(Collected data)
--- START ---

lemma length_algA: "length (algA e) = length e"
  by (simp add: algA_eq_runA length_runA)

lemma drop_runA: "drop k (fst (runA e k)) = drop k e"
proof (induction k)
  case (Suc k)
  obtain v where "fst (runA e (Suc k)) = (fst (runA e k))[k := v]"
    using stepA_updates_one[of e "Suc k" "runA e k"] by (auto simp: runA_Suc)
  then have "drop (Suc k) (fst (runA e (Suc k))) = drop 1 (drop k (fst (runA e k)))"
    by simp
  with Suc.IH show ?case by simp
qed (simp add: runA_def)

lemma take_runA:
  assumes "k \<le> k'"
  shows "take k (fst (runA e k')) = take k (fst (runA e k))"
  using assms
proof (induction k' rule: dec_induct)
  case (step m)
  obtain v where "fst (runA e (Suc m)) = (fst (runA e m))[m := v]"
    using stepA_updates_one[of e "Suc m" "runA e m"] by (auto simp: runA_Suc)
  then have "take k (fst (runA e (Suc m))) = take k (fst (runA e m))"
    using step.hyps by (simp only: take_update_cancel)
  from this step.IH show ?case by (rule trans)
qed simp

lemma runA_eq_take_algA_drop:
  assumes "k \<le> length e"
  shows "fst (runA e k) = take k (algA e) @ drop k e"
proof -
  have "fst (runA e k) = take k (fst (runA e k)) @ drop k (fst (runA e k))"
    by simp
  also have "\<dots> = take k (algA e) @ drop k e"
    by (simp only: algA_eq_runA take_runA[OF assms] drop_runA)
  finally show ?thesis .
qed

lemma pos_take_append_drop:
  assumes "length xs = length ys" "1 \<le> j" "k \<le> length xs"
  shows "pos (take k xs @ drop k ys) j = (if j \<le> k then pos xs j else pos ys j)"
  using assms by (auto simp: pos_def nth_append)

text \<open>Occurrences of p and q at j in the word seen by iteration j + 2, whose first j + 1 entries
  are already final (see runA_eq_take_algA_drop).\<close>

definition cur_p :: "int list \<Rightarrow> nat \<Rightarrow> bool" where
  "cur_p e j \<longleftrightarrow> 1 \<le> j \<and> j + 3 \<le> length e \<and>
     out e j = pos e (j + 2) \<and> out e j < out e (j + 1) \<and> out e (j + 1) < pos e (j + 3)"

definition cur_q :: "int list \<Rightarrow> nat \<Rightarrow> bool" where
  "cur_q e j \<longleftrightarrow> 1 \<le> j \<and> j + 3 \<le> length e \<and>
     out e j < out e (j + 1) \<and> out e (j + 1) = pos e (j + 2) \<and> pos e (j + 2) < pos e (j + 3)"

definition fires :: "int list \<Rightarrow> nat \<Rightarrow> bool" where
  "fires e i \<longleftrightarrow> orig_p e (i - 2) \<or> orig_q e (i - 2) \<or> cur_p e (i - 2) \<or> cur_q e (i - 2)"

lemma orig_p_mixed_iff_cur_p:
  "orig_p (take (j + 1) (algA e) @ drop (j + 1) e) j \<longleftrightarrow> cur_p e j"
proof (cases "1 \<le> j \<and> j + 3 \<le> length e")
  case True
  then show ?thesis
    by (auto simp: orig_p_def cur_p_def pos_take_append_drop length_algA)
qed (auto simp: orig_p_def cur_p_def length_algA)

lemma orig_q_mixed_iff_cur_q:
  "orig_q (take (j + 1) (algA e) @ drop (j + 1) e) j \<longleftrightarrow> cur_q e j"
proof (cases "1 \<le> j \<and> j + 3 \<le> length e")
  case True
  then show ?thesis
    by (auto simp: orig_q_def cur_q_def pos_take_append_drop length_algA)
qed (auto simp: orig_q_def cur_q_def length_algA)

lemma orig_p_state_iff_cur_p:
  assumes "i \<le> length e"
  shows "orig_p (fst (runA e (i - 1))) (i - 2) \<longleftrightarrow> cur_p e (i - 2)"
proof (cases "2 \<le> i")
  case True
  then have k: "i - 1 = i - 2 + 1" "i - 2 + 1 \<le> length e"
    using assms by simp_all
  show ?thesis
    unfolding k(1) runA_eq_take_algA_drop[OF k(2)] by (rule orig_p_mixed_iff_cur_p)
qed (simp add: orig_p_def cur_p_def)

lemma orig_q_state_iff_cur_q:
  assumes "i \<le> length e"
  shows "orig_q (fst (runA e (i - 1))) (i - 2) \<longleftrightarrow> cur_q e (i - 2)"
proof (cases "2 \<le> i")
  case True
  then have k: "i - 1 = i - 2 + 1" "i - 2 + 1 \<le> length e"
    using assms by simp_all
  show ?thesis
    unfolding k(1) runA_eq_take_algA_drop[OF k(2)] by (rule orig_q_mixed_iff_cur_q)
qed (simp add: orig_q_def cur_q_def)

lemma out_lastA_step:
  assumes "1 \<le> i" "i \<le> length e"
  shows "out e i = (if orig_p e (i - 2) then out e (i - 1)
                    else if orig_q e (i - 2) then out e (i - 2)
                    else if cur_p e (i - 2) \<or> cur_q e (i - 2) then the (lastA e (i - 1))
                    else pos e i)"
    and "lastA e i = (if fires e i then Some (pos e i) else lastA e (i - 1))"
proof -
  define s where "s = fst (runA e (i - 1))"
  have run: "runA e i = stepA e i (runA e (i - 1))"
    using runA_Suc[of e "i - 1"] assms(1) by simp
  have s_mixed: "s = take (i - 1) (algA e) @ drop (i - 1) e"
    unfolding s_def using assms by (simp add: runA_eq_take_algA_drop)
  have s_final: "pos s j = out e j" if "1 \<le> j" "j < i" for j
    using that assms by (auto simp: s_mixed pos_take_append_drop length_algA)
  have s_orig: "pos s i = pos e i"
    using assms by (auto simp: s_mixed pos_take_append_drop length_algA)
  have s_update: "pos (s[i - 1 := v]) i = v" for v
    using assms by (simp add: s_def length_runA pos_def)
  have out_i: "out e i = pos (fst (runA e i)) i"
    using assms by (simp add: runA_eq_take_algA_drop pos_take_append_drop length_algA)
  have "orig_p e (i - 2) \<Longrightarrow> 3 \<le> i" "orig_q e (i - 2) \<Longrightarrow> 3 \<le> i"
    by (auto simp: orig_p_def orig_q_def)
  then show "out e i = (if orig_p e (i - 2) then out e (i - 1)
                    else if orig_q e (i - 2) then out e (i - 2)
                    else if cur_p e (i - 2) \<or> cur_q e (i - 2) then the (lastA e (i - 1))
                    else pos e i)"
    unfolding out_i run stepA_def Let_def s_def[symmetric]
      occurs4_patP_iff_orig_p occurs4_patQ_iff_orig_q
      orig_p_state_iff_cur_p[OF assms(2), folded s_def] orig_q_state_iff_cur_q[OF assms(2), folded s_def]
    by (auto simp: s_update[simplified] s_final s_orig)
  show "lastA e i = (if fires e i then Some (pos e i) else lastA e (i - 1))"
    unfolding run stepA_def Let_def s_def[symmetric] fires_def
      occurs4_patP_iff_orig_p occurs4_patQ_iff_orig_q
      orig_p_state_iff_cur_p[OF assms(2), folded s_def] orig_q_state_iff_cur_q[OF assms(2), folded s_def]
    by (simp add: s_orig)
qed

lemma firesE:
  assumes "fires e i"
  obtains j where "i = j + 2" "1 \<le> j" "j + 3 \<le> length e"
  using assms by (intro that[of "i - 2"]) (auto simp: fires_def orig_p_def orig_q_def cur_p_def cur_q_def)

lemma fires_cases:
  assumes "fires e (j + 2)"
  obtains (orig_p) "orig_p e j"
    | (orig_q) "\<not> orig_p e j" "orig_q e j"
    | (cur) "\<not> orig_p e j" "\<not> orig_q e j" "cur_p e j \<or> cur_q e j"
  using assms unfolding fires_def by auto

lemma fires_ascent:
  assumes "fires e i"
  shows "pos e i < pos e (i + 1)"
proof -
  obtain j where "i = j + 2" "1 \<le> j" "j + 3 \<le> length e"
    using assms by (rule firesE)
  with assms show ?thesis
    by (auto simp: fires_def orig_p_def orig_q_def cur_p_def cur_q_def eval_nat_numeral)
qed

lemma out_if_orig_p: "orig_p e j \<Longrightarrow> out e (j + 2) = out e (j + 1)"
  using out_lastA_step(1)[of "j + 2" e] by (auto simp: orig_p_def)

lemma out_if_orig_q: "\<not> orig_p e j \<Longrightarrow> orig_q e j \<Longrightarrow> out e (j + 2) = out e j"
  using out_lastA_step(1)[of "j + 2" e] by (auto simp: orig_q_def)

lemma out_if_cur:
  "\<not> orig_p e j \<Longrightarrow> \<not> orig_q e j \<Longrightarrow> cur_p e j \<or> cur_q e j \<Longrightarrow>
     out e (j + 2) = the (lastA e (j + 1))"
  using out_lastA_step(1)[of "j + 2" e] by (auto simp: cur_p_def cur_q_def)

lemma out_if_not_fires: "1 \<le> i \<Longrightarrow> i \<le> length e \<Longrightarrow> \<not> fires e i \<Longrightarrow> out e i = pos e i"
  using out_lastA_step(1)[of i e] by (auto simp: fires_def)

lemma out_if_descent:
  "1 \<le> i \<Longrightarrow> i \<le> length e \<Longrightarrow> pos e (i + 1) \<le> pos e i \<Longrightarrow> out e i = pos e i"
  using out_if_not_fires fires_ascent by fastforce

lemma lastA_if_fires: "fires e i \<Longrightarrow> lastA e i = Some (pos e i)"
  using out_lastA_step(2)[of i e] by (auto elim: firesE)

lemma lastA_if_not_fires:
  "j + 2 \<le> length e \<Longrightarrow> \<not> fires e (j + 2) \<Longrightarrow> lastA e (j + 2) = lastA e (j + 1)"
  using out_lastA_step(2)[of "j + 2" e] by simp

--- END ---

## Task
The required answer is the exact run of lines above starting at the line with "s j = out e" and ending at the line with "(s[i - 1 := v]) i", with both ends present.

## Output for this exercise
  have s_final: "pos s j = out e j" if "1 \<le> j" "j < i" for j
    using that assms by (auto simp: s_mixed pos_take_append_drop length_algA)
  have s_orig: "pos s i = pos e i"
    using assms by (auto simp: s_mixed pos_take_append_drop length_algA)
  have s_update: "pos (s[i - 1 := v]) i = v" for v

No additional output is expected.